GIVEN INFORMATION:
lemma cf_rem_not_rat: "x \<notin> \<rat> \<Longrightarrow> cf_rem x n \<notin> \<rat>"
proof (induction n)
  case (Suc n)
  let ?r = "cf_rem x n"
  show ?case
  proof
    assume "cf_rem x (Suc n) \<in> \<rat>"
    then have "frac ?r \<in> \<rat>" using Rats_divide[OF Rats_1, of "1 / frac ?r"] by simp
    then have "?r \<in> \<rat>" unfolding frac_def by (metis Rats_add Rats_of_int diff_add_cancel)
    with Suc show False by simp
  qed
qed simp

lemma cf_ge_1:
  assumes "x \<notin> \<rat>" "1 \<le> i"
  shows "1 \<le> cf x i"
proof -
  obtain n where n: "i = Suc n" using assms(2) by (cases i) auto
  have "cf_rem x n \<notin> \<int>" using cf_rem_not_rat[OF assms(1)] Ints_subset_Rats by blast
  then have "0 < frac (cf_rem x n)" by (simp add: order_le_less)
  then have "1 \<le> 1 / frac (cf_rem x n)" using frac_lt_1[of "cf_rem x n"] by (simp add: le_divide_eq)
  then show ?thesis unfolding cf_def n by simp
qed

theorem theorem2:
  fixes x y :: real and k :: nat
  assumes "x \<notin> \<rat>" and "y \<notin> \<rat>"
    and "\<forall>i\<le>k. [cf x i = cf y i] (mod 4)"
  shows "jacobi (conv_num (cf x) k) (conv_den (cf x) k)
           = jacobi (conv_num (cf y) k) (conv_den (cf y) k)
       \<and> (cf x 0 \<ge> 0 \<and> cf y 0 \<ge> 0 \<longrightarrow>
         jacobi (conv_den (cf x) k) (conv_num (cf x) k)
           = jacobi (conv_den (cf y) k) (conv_num (cf y) k))"
proof -
  have "\<forall>i\<ge>1. 0 \<le> cf x i" "\<forall>i\<ge>1. 0 \<le> cf y i"
    using cf_ge_1 assms(1,2) by (auto intro: order_trans[OF zero_le_one])
  moreover have "\<forall>i\<in>{1..k}. [cf x i = cf y i] (mod 4)" "[cf x 0 = cf y 0] (mod 4)"
    using assms(3) by simp_all
  ultimately show ?thesis
    using jacobi_conv_num_conv_den_cong jacobi_conv_den_conv_num_cong by blast
qed

end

TASK INSTRUCTIONS: Look for "shows" in each line of the material, then copy the lines where it is found.

EXERCISE RESPONSE:
  shows "1 \<le> cf x i"
  shows "jacobi (conv_num (cf x) k) (conv_den (cf x) k)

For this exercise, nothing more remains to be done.